### [Problem to solve]
Give back an exact copy of the lines below, from the first through the line with "by (auto intro!: derivative_eq_intros simp: wave_deriv_def"; please stop there.

### [Dataset records]
☆ ☆ ☆ ☆
section \<open>Exponential solutions and transfer matrices\<close>

text \<open>wave q s c is the general solution of -(1/q^2) u'' = s^2 u with coefficients c.\<close>

definition wave :: "real \<Rightarrow> complex \<Rightarrow> complex \<times> complex \<Rightarrow> real \<Rightarrow> complex" where
  "wave q s c x = fst c * exp (\<i> * of_real q * s * of_real x) + snd c * exp (- \<i> * of_real q * s * of_real x)"

definition wave_deriv :: "real \<Rightarrow> complex \<Rightarrow> complex \<times> complex \<Rightarrow> real \<Rightarrow> complex" where
  "wave_deriv q s c x = \<i> * of_real q * s *
     (fst c * exp (\<i> * of_real q * s * of_real x) - snd c * exp (- \<i> * of_real q * s * of_real x))"

lemma has_vector_derivative_wave: "(wave q s c has_vector_derivative wave_deriv q s c x) (at x)"
proof -
  have "((\<lambda>w. fst c * exp (\<i> * of_real q * s * w) + snd c * exp (- \<i> * of_real q * s * w))
      has_field_derivative wave_deriv q s c x) (at (of_real x))"
    by (auto intro!: derivative_eq_intros simp: wave_deriv_def algebra_simps)
  from has_vector_derivative_real_field[OF this] show ?thesis
    by (simp add: wave_def[abs_def])
qed

lemma has_vector_derivative_wave_deriv:
  "(wave_deriv q s c has_vector_derivative - (of_real q * s)\<^sup>2 * wave q s c x) (at x)"
proof -
  have "((\<lambda>w. \<i> * of_real q * s * (fst c * exp (\<i> * of_real q * s * w) - snd c * exp (- \<i> * of_real q * s * w)))
      has_field_derivative - (of_real q * s)\<^sup>2 * wave q s c x) (at (of_real x))"
    by (auto intro!: derivative_eq_intros simp: wave_def algebra_simps power2_eq_square)
  from has_vector_derivative_real_field[OF this] show ?thesis
    by (simp add: wave_deriv_def[abs_def])
qed

lemma continuous_on_wave: "continuous_on S (wave q s c)"
  unfolding wave_def[abs_def] by (intro continuous_intros)

lemma continuous_on_wave_deriv: "continuous_on S (wave_deriv q s c)"
  unfolding wave_deriv_def[abs_def] by (intro continuous_intros)

text \<open>transfer tau q0 q1 s maps the coefficients of a wave with parameter q0 left of tau to
  those of the wave with parameter q1 right of tau that has the same value and the same flux
  (1/q^2) u' at tau.\<close>

definition transfer :: "real \<Rightarrow> real \<Rightarrow> real \<Rightarrow> complex \<Rightarrow> complex \<times> complex \<Rightarrow> complex \<times> complex" where
  "transfer \<tau> q\<^sub>0 q\<^sub>1 s c = (let r = complex_of_real (q\<^sub>1 / q\<^sub>0) in
     ((1 / 2) * (1 + r) * exp (\<i> * of_real (\<tau> * (q\<^sub>0 - q\<^sub>1)) * s) * fst c
        + (1 / 2) * (1 - r) * exp (- \<i> * of_real (\<tau> * (q\<^sub>0 + q\<^sub>1)) * s) * snd c,
      (1 / 2) * (1 - r) * exp (\<i> * of_real (\<tau> * (q\<^sub>0 + q\<^sub>1)) * s) * fst c
        + (1 / 2) * (1 + r) * exp (- \<i> * of_real (\<tau> * (q\<^sub>0 - q\<^sub>1)) * s) * snd c))"

lemma Lmat_mult_vector:
  "Lmat t q k z *v vector [a, b] =
     vector [fst (transfer (t k) (q (k - 1)) (q k) (csqrt z) (a, b)),
             snd (transfer (t k) (q (k - 1)) (q k) (csqrt z) (a, b))]"
  unfolding Lmat_def transfer_def Let_def
  by (simp add: vec_eq_iff forall_2 matrix_vector_mult_def sum_2 algebra_simps)

lemma transfer_wave_exp_form:
  fixes \<tau> q\<^sub>0 q\<^sub>1 :: real and s :: complex
  defines "E \<equiv> \<lambda>q. exp (\<i> * of_real q * s * of_real \<tau>)"
  shows "transfer \<tau> q\<^sub>0 q\<^sub>1 s (a, b) =
    (let r = complex_of_real (q\<^sub>1 / q\<^sub>0) in
      ((1 + r) / 2 * (E q\<^sub>0 / E q\<^sub>1) * a + (1 - r) / 2 / (E q\<^sub>0 * E q\<^sub>1) * b,
       (1 - r) / 2 * (E q\<^sub>0 * E q\<^sub>1) * a + (1 + r) / 2 * (E q\<^sub>1 / E q\<^sub>0) * b))"
    and "wave q s (a, b) \<tau> = a * E q + b / E q"
    and "wave_deriv q s (a, b) \<tau> = \<i> * of_real q * s * (a * E q - b / E q)"
proof -
  have "exp (\<i> * of_real (\<tau> * (q\<^sub>0 - q\<^sub>1)) * s) = E q\<^sub>0 / E q\<^sub>1"
    "exp (- \<i> * of_real (\<tau> * (q\<^sub>0 + q\<^sub>1)) * s) = 1 / (E q\<^sub>0 * E q\<^sub>1)"
    "exp (\<i> * of_real (\<tau> * (q\<^sub>0 + q\<^sub>1)) * s) = E q\<^sub>0 * E q\<^sub>1"
    "exp (- \<i> * of_real (\<tau> * (q\<^sub>0 - q\<^sub>1)) * s) = E q\<^sub>1 / E q\<^sub>0"
    unfolding E_def by (simp_all add: field_simps flip: exp_add exp_diff)
  then show "transfer \<tau> q\<^sub>0 q\<^sub>1 s (a, b) = (let r = complex_of_real (q\<^sub>1 / q\<^sub>0) in
      ((1 + r) / 2 * (E q\<^sub>0 / E q\<^sub>1) * a + (1 - r) / 2 / (E q\<^sub>0 * E q\<^sub>1) * b,
       (1 - r) / 2 * (E q\<^sub>0 * E q\<^sub>1) * a + (1 + r) / 2 * (E q\<^sub>1 / E q\<^sub>0) * b))"
    by (simp add: transfer_def Let_def)
  have "exp (- \<i> * of_real q * s * of_real \<tau>) = 1 / E q"
    unfolding E_def by (simp add: exp_minus divide_inverse)
  then show "wave q s (a, b) \<tau> = a * E q + b / E q"
    and "wave_deriv q s (a, b) \<tau> = \<i> * of_real q * s * (a * E q - b / E q)"
    by (simp_all add: wave_def wave_deriv_def E_def)
qed

lemma transfer_inverse:
  assumes "q\<^sub>0 \<noteq> 0" "q\<^sub>1 \<noteq> 0"
  shows "transfer \<tau> q\<^sub>1 q\<^sub>0 s (transfer \<tau> q\<^sub>0 q\<^sub>1 s c) = c"
proof -
  obtain a b where "c = (a, b)" by force
  moreover have "exp (\<i> * of_real q * s * of_real \<tau>) \<noteq> 0" for q by simp
  ultimately show ?thesis
    using assms by (simp add: transfer_wave_exp_form Let_def field_simps)
qed

lemma wave_transfer:
  assumes "q\<^sub>0 \<noteq> 0"
  shows "wave q\<^sub>1 s (transfer \<tau> q\<^sub>0 q\<^sub>1 s c) \<tau> = wave q\<^sub>0 s c \<tau>"
proof -
  obtain a b where "c = (a, b)" by force
  moreover have "exp (\<i> * of_real q * s * of_real \<tau>) \<noteq> 0" for q by simp
  ultimately show ?thesis
    using assms by (simp add: transfer_wave_exp_form Let_def field_simps)
qed

lemma wave_deriv_transfer:
  assumes "q\<^sub>0 \<noteq> 0" "q\<^sub>1 \<noteq> 0"
  shows "of_real (1 / q\<^sub>1\<^sup>2) * wave_deriv q\<^sub>1 s (transfer \<tau> q\<^sub>0 q\<^sub>1 s c) \<tau>
       = of_real (1 / q\<^sub>0\<^sup>2) * wave_deriv q\<^sub>0 s c \<tau>"
proof -
  obtain a b where "c = (a, b)" by force
  moreover have "exp (\<i> * of_real q * s * of_real \<tau>) \<noteq> 0" for q by simp
  ultimately show ?thesis
    using assms by (simp add: transfer_wave_exp_form Let_def field_simps power2_eq_square)
qed

section \<open>Trigonometric polynomials\<close>

definition trig_poly :: "(complex \<Rightarrow> complex) \<Rightarrow> bool" where
  "trig_poly g \<longleftrightarrow> (\<exists>cs :: (complex \<times> real) list. \<forall>s. g s = (\<Sum>(c, l)\<leftarrow>cs. c * exp (\<i> * of_real l * s)))"

lemma trig_poly_const: "trig_poly (\<lambda>s. c)"
  unfolding trig_poly_def by (rule exI[of _ "[(c, 0)]"]) simp

lemma trig_poly_add: "trig_poly f \<Longrightarrow> trig_poly g \<Longrightarrow> trig_poly (\<lambda>s. f s + g s)"
  unfolding trig_poly_def
proof (elim exE)
  fix cs ds :: "(complex \<times> real) list"
  assume "\<forall>s. f s = (\<Sum>(c, l)\<leftarrow>cs. c * exp (\<i> * of_real l * s))"
    and "\<forall>s. g s = (\<Sum>(c, l)\<leftarrow>ds. c * exp (\<i> * of_real l * s))"
  then show "\<exists>es. \<forall>s. f s + g s = (\<Sum>(c, l)\<leftarrow>es. c * exp (\<i> * of_real l * s))"
    by (intro exI[of _ "cs @ ds"]) simp
qed
(* Let $\rho$ be a $d$-dimensional state that is diagonally dominant, i.e. $\rho_{ii}\ge\sum_{j\ne i}|\rho_{ij}|$ for all $i=1,\dots,d$. Then $\rho\in\mathrm{co}(\mathcal U)$. Consequently, every $d$-dimensional state $\rho$ with $\|\rho-\mathbb 1/d\|_{1\to1}\le1/d$ belongs to $\mathrm{co}(\mathcal U)$, where $\|X\|_{1\to1}=\max_{1\le i\le d}\sum_{j=1}^d|X_{ij}|$.
   Context: Fixed computational basis $\{|i\rangle\}_{i=1}^d$. $\mathcal U_k$ is the set of uniformly coherent states $|\Psi\rangle=k^{-1/2}\sum_{j\in J}e^{i\theta_j}|j\rangle$, $|J|=k$, $\theta_j\in\mathbb R$; $\mathcal U=\bigcup_{k=1}^d\mathcal U_k$ (as density matrices), and $\mathrm{co}(\mathcal U)$ its convex hull. *)

theory Defs
  imports "HOL-Analysis.Analysis"
begin

text \<open>Dimension d = CARD('n); computational basis indexed by the finite type 'n.
  Matrices are complex^'n^'n, with X $ i $ j the (i,j) entry.\<close>

definition hermitian :: "complex^'n^'n \<Rightarrow> bool" where
  "hermitian A \<longleftrightarrow> (\<forall>i j. A $ i $ j = cnj (A $ j $ i))"

definition psd :: "complex^'n::finite^'n \<Rightarrow> bool" where
  "psd A \<longleftrightarrow> hermitian A \<and>
     (\<forall>v :: complex^'n. 0 \<le> Re (\<Sum>i\<in>UNIV. \<Sum>j\<in>UNIV. cnj (v $ i) * A $ i $ j * v $ j))"

definition mtrace :: "complex^'n::finite^'n \<Rightarrow> complex" where
  "mtrace A = (\<Sum>i\<in>UNIV. A $ i $ i)"

definition is_state :: "complex^'n::finite^'n \<Rightarrow> bool" where
  "is_state A \<longleftrightarrow> psd A \<and> mtrace A = 1"

definition proj :: "complex^'n \<Rightarrow> complex^'n^'n" where
  "proj v = (\<chi> i j. v $ i * cnj (v $ j))"

definition uc_vec :: "'n::finite set \<Rightarrow> ('n \<Rightarrow> real) \<Rightarrow> complex^'n" where
  "uc_vec J \<theta> = (\<chi> i. if i \<in> J then exp (\<i> * of_real (\<theta> i)) / of_real (sqrt (real (card J))) else 0)"

text \<open>U_k and U = union over k = 1..d, as density matrices.\<close>
definition UC_k :: "nat \<Rightarrow> (complex^'n::finite^'n) set" where
  "UC_k k = {proj (uc_vec J \<theta>) | J \<theta>. card J = k}"

definition UC :: "(complex^'n::finite^'n) set" where
  "UC = (\<Union>k\<in>{1..CARD('n)}. UC_k k)"

definition diag_dominant :: "complex^'n::finite^'n \<Rightarrow> bool" where
  "diag_dominant A \<longleftrightarrow> (\<forall>i. Re (A $ i $ i) \<ge> (\<Sum>j\<in>UNIV - {i}. norm (A $ i $ j)))"

definition norm11 :: "complex^'n::finite^'n \<Rightarrow> real" where
  "norm11 X = Max (range (\<lambda>i. \<Sum>j\<in>UNIV. norm (X $ i $ j)))"

end

theory Submission
  imports Defs
begin

text \<open>Each ordered pair i \<noteq> j gets weight |r(i,j)| on the two-level state with vector
  (exp(\<i> arg r(i,j)) |i\<rangle> + |j\<rangle>)/\<surd>2, where r = \<rho>. The pairs (i,j) and (j,i) together
  reproduce the off-diagonal entries r(i,j), r(j,i) and contribute the off-diagonal row sum
  S i = (\<Sum>j\<noteq>i. |r(i,j)|) to the diagonal entry i. The remainder r(i,i) - S i is nonnegative
  by diagonal dominance and is put on |i\<rangle>\<langle>i|, so the weights sum to the trace.
  A state within 1/d of the maximally mixed state in the row-sum norm is diagonally dominant,
  since |r(i,i) - 1/d| + S i \<le> 1/d.\<close>

lemma exp_i_times_mult_cnj: "exp (\<i> * of_real x) * cnj (exp (\<i> * of_real x)) = 1"
  using complex_norm_square[of "exp (\<i> * of_real x)"] by (simp add: norm_exp_i_times)

lemma of_real_norm_mult_exp_Arg: "of_real (norm z) * exp (\<i> * of_real (Arg z)) = z"
  by (cases "z = 0") (auto dest: Arg_eq[symmetric])

lemma proj_uc_vec_entry:
  "proj (uc_vec J \<theta>) $ a $ b =
     (if a \<in> J \<and> b \<in> J then exp (\<i> * of_real (\<theta> a)) * cnj (exp (\<i> * of_real (\<theta> b))) / of_nat (card J) else 0)"
proof -
  define s where "s = complex_of_real (sqrt (real (card J)))"
  have s_sq: "s * s = of_nat (card J)"
    unfolding s_def of_real_mult[symmetric] by simp
  have s_real: "cnj s = s" by (simp add: s_def)
  show ?thesis
    unfolding proj_def uc_vec_def s_def[symmetric] by (simp add: s_real s_sq)
qed

lemma proj_uc_vec_singleton: "proj (uc_vec {i} \<theta>) $ a $ b = (if a = i \<and> b = i then 1 else 0)"
  by (simp add: proj_uc_vec_entry exp_i_times_mult_cnj)

lemma proj_uc_vec_phase_doubleton:
  assumes "i \<noteq> j"
  shows "of_real (norm z) * proj (uc_vec {i, j} (\<lambda>k. if k = i then Arg z else 0)) $ a $ b =
    (if a = i \<and> b = j then z / 2 else if a = j \<and> b = i then cnj z / 2
     else if a = b \<and> a \<in> {i, j} then of_real (norm z) / 2 else 0)"
proof -
  have "cnj (of_real (norm z) * exp (\<i> * of_real (Arg z))) = cnj z"
    by (simp only: of_real_norm_mult_exp_Arg)
  then have "of_real (norm z) * cnj (exp (\<i> * of_real (Arg z))) = cnj z"
    by simp
  then show ?thesis
    using assms of_real_norm_mult_exp_Arg[of z] exp_i_times_mult_cnj[of "Arg z"]
    by (auto simp: proj_uc_vec_entry)
qed

lemma proj_uc_vec_in_UC:
  fixes J :: "'n::finite set"
  assumes "J \<noteq> {}"
  shows "proj (uc_vec J \<theta>) \<in> (UC :: (complex^'n^'n) set)"
proof -
  have "card J \<in> {1..CARD('n)}"
    using assms by (auto simp: Suc_le_eq card_gt_0_iff card_mono)
  moreover have "proj (uc_vec J \<theta>) \<in> UC_k (card J)"
    unfolding UC_k_def by blast
  ultimately show ?thesis unfolding UC_def by blast
qed

lemma sum_pair_row:
  "(\<Sum>p\<in>UNIV. if fst p = a \<and> snd p \<in> B then g p else 0) = (\<Sum>j\<in>B. g (a, j))"
  for g :: "'a::finite \<times> 'b::finite \<Rightarrow> 'c::comm_monoid_add"
proof -
  have "{p. fst p = a \<and> snd p \<in> B} = Pair a ` B" by auto
  then show ?thesis by (simp add: sum.If_cases sum.reindex inj_on_def)
qed

lemma sum_pair_column:
  "(\<Sum>p\<in>UNIV. if snd p = b \<and> fst p \<in> A then g p else 0) = (\<Sum>i\<in>A. g (i, b))"
  for g :: "'a::finite \<times> 'b::finite \<Rightarrow> 'c::comm_monoid_add"
proof -
  have "{p. snd p = b \<and> fst p \<in> A} = (\<lambda>i. (i, b)) ` A" by auto
  then show ?thesis by (simp add: sum.If_cases sum.reindex inj_on_def)
qed

definition diag_dom_weight :: "complex^'n::finite^'n \<Rightarrow> 'n \<times> 'n \<Rightarrow> real" where
  "diag_dom_weight \<rho> = (\<lambda>(i, j). if i = j then Re (\<rho> $ i $ i) - (\<Sum>k\<in>UNIV - {i}. norm (\<rho> $ i $ k))
     else norm (\<rho> $ i $ j))"

definition diag_dom_atom :: "complex^'n::finite^'n \<Rightarrow> 'n \<times> 'n \<Rightarrow> complex^'n^'n" where
  "diag_dom_atom \<rho> = (\<lambda>(i, j). if i = j then proj (uc_vec {i} (\<lambda>_. 0))
     else proj (uc_vec {i, j} (\<lambda>k. if k = i then Arg (\<rho> $ i $ j) else 0)))"

lemma diag_dom_atom_in_UC: "diag_dom_atom \<rho> p \<in> UC"
  by (cases p) (simp add: diag_dom_atom_def proj_uc_vec_in_UC)

lemma diag_dom_weight_nonneg: "diag_dominant \<rho> \<Longrightarrow> 0 \<le> diag_dom_weight \<rho> p"
  by (cases p) (auto simp: diag_dom_weight_def diag_dominant_def)

lemma sum_diag_dom_weight: "(\<Sum>p\<in>UNIV. diag_dom_weight \<rho> p) = Re (mtrace \<rho>)"
proof -
  have row: "(\<Sum>j\<in>UNIV. diag_dom_weight \<rho> (i, j)) = Re (\<rho> $ i $ i)" for i
  proof -
    have "(\<Sum>j\<in>UNIV - {i}. diag_dom_weight \<rho> (i, j)) = (\<Sum>j\<in>UNIV - {i}. norm (\<rho> $ i $ j))"
      by (rule sum.cong) (auto simp: diag_dom_weight_def)
    then show ?thesis
      by (simp add: sum.remove[of UNIV i] diag_dom_weight_def)
  qed
  have "(\<Sum>p\<in>UNIV. diag_dom_weight \<rho> p) = (\<Sum>i\<in>UNIV. \<Sum>j\<in>UNIV. diag_dom_weight \<rho> (i, j))"
    by (simp add: sum.cartesian_product UNIV_Times_UNIV)
  then show ?thesis by (simp add: row mtrace_def)
qed

lemma diag_dom_term_offdiag_entry:
  assumes "hermitian \<rho>" and "a \<noteq> b"
  shows "of_real (diag_dom_weight \<rho> p) * diag_dom_atom \<rho> p $ a $ b =
    (if p = (a, b) then \<rho> $ a $ b / 2 else 0) + (if p = (b, a) then \<rho> $ a $ b / 2 else 0)"
  using assms proj_uc_vec_phase_doubleton[of "fst p" "snd p" "\<rho> $ fst p $ snd p" a b]
proof -
  obtain i j where p: "p = (i, j)" by fastforce
  show ?thesis
  proof (cases "i = j")
    case True
    then have "diag_dom_atom \<rho> p $ a $ b = 0" "p \<noteq> (a, b)" "p \<noteq> (b, a)"
      using assms(2) by (auto simp: p diag_dom_atom_def proj_uc_vec_singleton)
    then show ?thesis by simp
  next
    case False
    have "cnj (\<rho> $ i $ j) = \<rho> $ j $ i"
      using assms(1) unfolding hermitian_def by (metis complex_cnj_cnj)
    then show ?thesis
      using False assms(2)
      by (auto simp: p diag_dom_weight_def diag_dom_atom_def proj_uc_vec_phase_doubleton)
  qed
qed

lemma diag_dom_term_diag_entry:
  "of_real (diag_dom_weight \<rho> p) * diag_dom_atom \<rho> p $ a $ a =
    (if p = (a, a) then of_real (diag_dom_weight \<rho> (a, a)) else 0)
    + (if fst p = a \<and> snd p \<in> UNIV - {a} then of_real (norm (\<rho> $ fst p $ snd p)) / 2 else 0)
    + (if snd p = a \<and> fst p \<in> UNIV - {a} then of_real (norm (\<rho> $ fst p $ snd p)) / 2 else 0)"
  using proj_uc_vec_phase_doubleton[of "fst p" "snd p" "\<rho> $ fst p $ snd p" a a]
proof -
  obtain i j where p: "p = (i, j)" by fastforce
  show ?thesis
  proof (cases "i = j")
    case True
    then show ?thesis
      by (simp add: p diag_dom_weight_def diag_dom_atom_def proj_uc_vec_singleton)
  next
    case False
    then show ?thesis
      by (auto simp: p diag_dom_weight_def diag_dom_atom_def proj_uc_vec_phase_doubleton)
  qed
qed

lemma hermitian_diag_dom_decomposition:
  assumes herm: "hermitian \<rho>"
  shows "(\<Sum>p\<in>UNIV. diag_dom_weight \<rho> p *\<^sub>R diag_dom_atom \<rho> p) = \<rho>"
proof -
  have "(\<Sum>p\<in>UNIV. of_real (diag_dom_weight \<rho> p) * diag_dom_atom \<rho> p $ a $ b) = \<rho> $ a $ b" for a b
  proof (cases "a = b")
    case False
    then show ?thesis
      using herm by (simp add: diag_dom_term_offdiag_entry sum.distrib)
  next
    case True
    have "norm (\<rho> $ i $ a) = norm (\<rho> $ a $ i)" for i
      using herm unfolding hermitian_def by (metis complex_mod_cnj)
    then have "(\<Sum>p\<in>UNIV. of_real (diag_dom_weight \<rho> p) * diag_dom_atom \<rho> p $ a $ a)
        = of_real (diag_dom_weight \<rho> (a, a)) + of_real (\<Sum>j\<in>UNIV - {a}. norm (\<rho> $ a $ j))"
      by (simp only: diag_dom_term_diag_entry sum.distrib sum_pair_row sum_pair_column)
        (simp flip: sum_divide_distrib)
    also have "\<dots> = \<rho> $ a $ a"
    proof -
      have "Im (\<rho> $ a $ a) = 0"
        using herm unfolding hermitian_def by (metis cnj.simps(2) neg_equal_zero)
      then show ?thesis by (simp add: diag_dom_weight_def complex_eq_iff)
    qed
    finally show ?thesis using True by simp
  qed
  then show ?thesis
    by (simp add: vec_eq_iff sum_component) (simp add: scaleR_conv_of_real)
qed

lemma diag_dominant_in_convex_hull_UC:
  assumes "hermitian \<rho>" and "mtrace \<rho> = 1" and "diag_dominant \<rho>"
  shows "\<rho> \<in> convex hull UC"
proof -
  have "(\<Sum>p\<in>UNIV. diag_dom_weight \<rho> p *\<^sub>R diag_dom_atom \<rho> p) \<in> convex hull UC"
    using assms(2,3)
    by (intro convex_sum) (simp_all add: diag_dom_weight_nonneg sum_diag_dom_weight
        diag_dom_atom_in_UC hull_inc)
  then show ?thesis
    by (simp only: hermitian_diag_dom_decomposition[OF assms(1)])
qed

lemma diag_dominant_if_norm11_le:
  fixes \<rho> :: "complex^'n::finite^'n"
  assumes "norm11 (\<rho> - mat (of_real c)) \<le> c"
  shows "diag_dominant \<rho>"
  unfolding diag_dominant_def
proof
  fix i
  let ?row = "\<lambda>i. \<Sum>j\<in>UNIV. norm ((\<rho> - mat (of_real c)) $ i $ j)"
  have "?row i \<le> c"
    using assms Max_ge[of "range ?row" "?row i"] by (simp add: norm11_def)
  moreover have "?row i = norm (\<rho> $ i $ i - of_real c) + (\<Sum>j\<in>UNIV - {i}. norm (\<rho> $ i $ j))"
    by (simp add: sum.remove[of UNIV i] mat_def)
  moreover have "c - Re (\<rho> $ i $ i) \<le> norm (\<rho> $ i $ i - of_real c)"
    using abs_Re_le_cmod[of "\<rho> $ i $ i - of_real c"] by simp
  ultimately show "(\<Sum>j\<in>UNIV - {i}. norm (\<rho> $ i $ j)) \<le> Re (\<rho> $ i $ i)"
    by linarith
qed

theorem lemma13:
  shows "(\<forall>\<rho> :: complex^'n::finite^'n. is_state \<rho> \<and> diag_dominant \<rho> \<longrightarrow> \<rho> \<in> convex hull UC)
       \<and> (\<forall>\<rho> :: complex^'n::finite^'n. is_state \<rho> \<and>
            norm11 (\<rho> - mat (1 / of_nat CARD('n))) \<le> 1 / real CARD('n) \<longrightarrow> \<rho> \<in> convex hull UC)"
proof -
  have "mat (1 / of_nat CARD('n)) = (mat (of_real (1 / real CARD('n))) :: complex^'n^'n)"
    by simp
  then show ?thesis
    using diag_dominant_in_convex_hull_UC diag_dominant_if_norm11_le[of _ "1 / real CARD('n)"]
    unfolding is_state_def psd_def by metis
qed

end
☆ ☆ ☆ ☆
### [Exercise response]
section \<open>Exponential solutions and transfer matrices\<close>

text \<open>wave q s c is the general solution of -(1/q^2) u'' = s^2 u with coefficients c.\<close>

definition wave :: "real \<Rightarrow> complex \<Rightarrow> complex \<times> complex \<Rightarrow> real \<Rightarrow> complex" where
  "wave q s c x = fst c * exp (\<i> * of_real q * s * of_real x) + snd c * exp (- \<i> * of_real q * s * of_real x)"

definition wave_deriv :: "real \<Rightarrow> complex \<Rightarrow> complex \<times> complex \<Rightarrow> real \<Rightarrow> complex" where
  "wave_deriv q s c x = \<i> * of_real q * s *
     (fst c * exp (\<i> * of_real q * s * of_real x) - snd c * exp (- \<i> * of_real q * s * of_real x))"

lemma has_vector_derivative_wave: "(wave q s c has_vector_derivative wave_deriv q s c x) (at x)"
proof -
  have "((\<lambda>w. fst c * exp (\<i> * of_real q * s * w) + snd c * exp (- \<i> * of_real q * s * w))
      has_field_derivative wave_deriv q s c x) (at (of_real x))"
    by (auto intro!: derivative_eq_intros simp: wave_deriv_def algebra_simps)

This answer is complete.